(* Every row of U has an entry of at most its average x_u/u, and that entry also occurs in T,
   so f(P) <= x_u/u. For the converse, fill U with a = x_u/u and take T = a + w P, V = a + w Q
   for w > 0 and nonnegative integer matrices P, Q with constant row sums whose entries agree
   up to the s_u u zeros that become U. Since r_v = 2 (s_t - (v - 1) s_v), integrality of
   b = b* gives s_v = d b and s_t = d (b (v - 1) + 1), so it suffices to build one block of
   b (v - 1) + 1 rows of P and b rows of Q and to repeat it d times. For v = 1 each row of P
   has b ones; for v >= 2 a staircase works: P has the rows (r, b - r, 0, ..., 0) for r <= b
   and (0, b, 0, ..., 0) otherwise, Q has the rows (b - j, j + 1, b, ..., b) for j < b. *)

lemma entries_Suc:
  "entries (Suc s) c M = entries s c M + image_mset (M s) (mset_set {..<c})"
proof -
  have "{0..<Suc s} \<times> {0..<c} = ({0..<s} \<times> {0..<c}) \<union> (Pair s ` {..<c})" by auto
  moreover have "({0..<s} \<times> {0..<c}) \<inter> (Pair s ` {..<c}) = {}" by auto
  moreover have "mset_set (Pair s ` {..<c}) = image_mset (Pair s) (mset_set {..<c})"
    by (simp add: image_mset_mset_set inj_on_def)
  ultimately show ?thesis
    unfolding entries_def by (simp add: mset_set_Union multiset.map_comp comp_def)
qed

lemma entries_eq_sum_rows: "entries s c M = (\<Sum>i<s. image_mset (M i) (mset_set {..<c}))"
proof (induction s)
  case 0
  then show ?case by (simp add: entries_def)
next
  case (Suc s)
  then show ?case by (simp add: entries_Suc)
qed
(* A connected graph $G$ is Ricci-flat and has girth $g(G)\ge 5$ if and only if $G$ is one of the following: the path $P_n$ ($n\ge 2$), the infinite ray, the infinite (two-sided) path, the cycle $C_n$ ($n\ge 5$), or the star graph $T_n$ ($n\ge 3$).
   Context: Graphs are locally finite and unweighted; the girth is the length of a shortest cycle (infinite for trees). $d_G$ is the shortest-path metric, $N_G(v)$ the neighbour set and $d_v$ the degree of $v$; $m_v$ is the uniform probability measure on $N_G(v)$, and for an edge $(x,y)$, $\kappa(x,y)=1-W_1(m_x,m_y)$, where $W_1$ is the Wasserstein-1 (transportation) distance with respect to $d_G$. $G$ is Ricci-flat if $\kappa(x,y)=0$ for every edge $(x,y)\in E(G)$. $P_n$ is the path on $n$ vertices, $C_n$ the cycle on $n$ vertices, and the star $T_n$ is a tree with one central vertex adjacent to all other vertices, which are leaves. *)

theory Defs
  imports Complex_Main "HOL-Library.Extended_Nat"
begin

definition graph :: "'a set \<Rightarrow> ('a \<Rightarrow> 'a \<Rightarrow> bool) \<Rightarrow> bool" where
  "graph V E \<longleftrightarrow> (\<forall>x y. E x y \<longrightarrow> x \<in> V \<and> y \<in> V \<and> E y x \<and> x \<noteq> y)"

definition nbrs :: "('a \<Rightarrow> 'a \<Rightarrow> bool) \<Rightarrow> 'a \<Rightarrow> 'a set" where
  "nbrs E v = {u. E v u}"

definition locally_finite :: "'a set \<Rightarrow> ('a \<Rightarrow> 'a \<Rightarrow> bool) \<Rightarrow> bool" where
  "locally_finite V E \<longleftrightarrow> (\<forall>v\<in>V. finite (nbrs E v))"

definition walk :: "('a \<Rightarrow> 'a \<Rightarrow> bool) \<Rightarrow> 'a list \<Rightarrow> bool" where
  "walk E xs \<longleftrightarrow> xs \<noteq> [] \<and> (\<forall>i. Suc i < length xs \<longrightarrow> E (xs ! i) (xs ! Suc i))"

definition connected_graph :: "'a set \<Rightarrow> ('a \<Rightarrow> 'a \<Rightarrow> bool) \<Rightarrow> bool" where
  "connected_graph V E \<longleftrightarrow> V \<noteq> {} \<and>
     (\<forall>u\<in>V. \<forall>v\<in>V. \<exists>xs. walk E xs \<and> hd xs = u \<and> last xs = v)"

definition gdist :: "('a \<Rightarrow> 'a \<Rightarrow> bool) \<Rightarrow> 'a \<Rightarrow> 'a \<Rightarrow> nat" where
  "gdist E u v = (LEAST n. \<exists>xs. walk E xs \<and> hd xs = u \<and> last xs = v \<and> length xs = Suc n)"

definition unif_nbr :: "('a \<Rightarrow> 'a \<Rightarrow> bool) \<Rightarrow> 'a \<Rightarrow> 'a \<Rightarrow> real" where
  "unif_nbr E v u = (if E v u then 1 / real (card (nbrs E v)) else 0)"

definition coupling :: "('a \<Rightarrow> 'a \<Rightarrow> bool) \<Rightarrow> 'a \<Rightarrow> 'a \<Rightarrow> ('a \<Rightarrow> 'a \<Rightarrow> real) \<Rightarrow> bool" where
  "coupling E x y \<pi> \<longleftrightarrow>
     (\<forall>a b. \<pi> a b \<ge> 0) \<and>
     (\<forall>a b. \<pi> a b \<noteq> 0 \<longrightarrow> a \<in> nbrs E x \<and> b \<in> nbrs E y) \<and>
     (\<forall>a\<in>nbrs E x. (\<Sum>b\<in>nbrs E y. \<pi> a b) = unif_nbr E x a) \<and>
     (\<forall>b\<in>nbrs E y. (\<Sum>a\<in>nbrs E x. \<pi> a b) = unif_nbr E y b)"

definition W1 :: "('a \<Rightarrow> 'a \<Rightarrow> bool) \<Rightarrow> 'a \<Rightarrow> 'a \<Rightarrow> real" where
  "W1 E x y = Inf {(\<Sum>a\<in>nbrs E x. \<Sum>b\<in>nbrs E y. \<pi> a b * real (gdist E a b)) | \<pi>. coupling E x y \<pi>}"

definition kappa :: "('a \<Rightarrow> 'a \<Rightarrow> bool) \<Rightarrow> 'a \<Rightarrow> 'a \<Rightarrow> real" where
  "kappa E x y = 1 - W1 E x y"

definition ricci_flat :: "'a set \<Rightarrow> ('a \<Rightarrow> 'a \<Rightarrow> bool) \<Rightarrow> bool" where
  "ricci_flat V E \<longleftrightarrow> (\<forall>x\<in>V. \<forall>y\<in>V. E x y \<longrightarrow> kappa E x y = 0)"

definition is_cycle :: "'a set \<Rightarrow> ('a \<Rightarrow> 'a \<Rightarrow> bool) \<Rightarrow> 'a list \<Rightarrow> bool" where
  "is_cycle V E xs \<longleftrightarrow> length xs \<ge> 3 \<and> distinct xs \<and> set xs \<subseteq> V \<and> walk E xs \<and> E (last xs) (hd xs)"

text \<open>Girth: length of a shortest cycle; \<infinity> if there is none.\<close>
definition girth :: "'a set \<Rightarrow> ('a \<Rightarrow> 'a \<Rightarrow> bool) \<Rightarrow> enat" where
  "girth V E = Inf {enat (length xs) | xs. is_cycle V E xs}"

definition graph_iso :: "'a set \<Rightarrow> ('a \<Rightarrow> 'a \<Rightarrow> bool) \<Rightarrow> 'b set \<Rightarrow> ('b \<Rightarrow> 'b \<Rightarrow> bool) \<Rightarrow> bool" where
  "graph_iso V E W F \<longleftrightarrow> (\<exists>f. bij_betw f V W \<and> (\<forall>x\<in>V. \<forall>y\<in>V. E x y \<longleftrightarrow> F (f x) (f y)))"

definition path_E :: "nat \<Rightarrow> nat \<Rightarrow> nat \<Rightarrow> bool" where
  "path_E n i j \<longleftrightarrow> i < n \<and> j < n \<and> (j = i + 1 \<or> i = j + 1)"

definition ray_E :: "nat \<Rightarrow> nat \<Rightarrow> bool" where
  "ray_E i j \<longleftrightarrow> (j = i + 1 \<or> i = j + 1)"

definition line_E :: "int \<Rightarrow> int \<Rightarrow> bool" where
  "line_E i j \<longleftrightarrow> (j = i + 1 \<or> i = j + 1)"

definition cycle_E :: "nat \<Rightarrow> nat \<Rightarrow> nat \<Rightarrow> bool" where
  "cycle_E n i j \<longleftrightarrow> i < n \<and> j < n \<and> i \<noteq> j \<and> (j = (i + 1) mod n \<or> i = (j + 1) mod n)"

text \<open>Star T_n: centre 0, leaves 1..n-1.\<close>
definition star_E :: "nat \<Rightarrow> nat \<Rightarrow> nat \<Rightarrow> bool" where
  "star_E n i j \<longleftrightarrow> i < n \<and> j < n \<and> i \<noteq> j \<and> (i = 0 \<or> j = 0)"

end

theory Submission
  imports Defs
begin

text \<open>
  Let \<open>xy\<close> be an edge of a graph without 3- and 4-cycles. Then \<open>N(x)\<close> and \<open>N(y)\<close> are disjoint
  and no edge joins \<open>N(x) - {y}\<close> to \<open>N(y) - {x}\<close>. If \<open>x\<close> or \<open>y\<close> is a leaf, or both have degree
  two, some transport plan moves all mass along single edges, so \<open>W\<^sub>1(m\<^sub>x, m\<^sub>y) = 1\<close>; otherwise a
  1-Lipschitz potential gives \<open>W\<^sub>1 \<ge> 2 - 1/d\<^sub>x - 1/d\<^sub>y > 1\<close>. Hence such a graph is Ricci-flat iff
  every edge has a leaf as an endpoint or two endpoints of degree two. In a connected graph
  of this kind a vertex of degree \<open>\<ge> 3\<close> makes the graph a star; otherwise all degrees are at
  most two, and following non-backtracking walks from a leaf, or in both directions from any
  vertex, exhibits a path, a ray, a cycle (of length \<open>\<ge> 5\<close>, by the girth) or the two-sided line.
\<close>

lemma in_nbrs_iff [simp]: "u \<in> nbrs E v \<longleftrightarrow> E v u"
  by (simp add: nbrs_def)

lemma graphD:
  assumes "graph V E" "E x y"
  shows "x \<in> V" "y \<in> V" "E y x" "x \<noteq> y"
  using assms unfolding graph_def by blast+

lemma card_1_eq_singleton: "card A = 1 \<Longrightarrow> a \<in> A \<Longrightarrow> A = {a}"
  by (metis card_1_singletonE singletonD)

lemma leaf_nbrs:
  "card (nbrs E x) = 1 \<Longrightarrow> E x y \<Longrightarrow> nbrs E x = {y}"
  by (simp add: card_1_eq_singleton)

────────────────

■ Work required ■
Your answer must consist of every line from the listing that holds the string "imports".

■ Exercise solution ■
  imports Complex_Main "HOL-Library.Extended_Nat"
  imports Defs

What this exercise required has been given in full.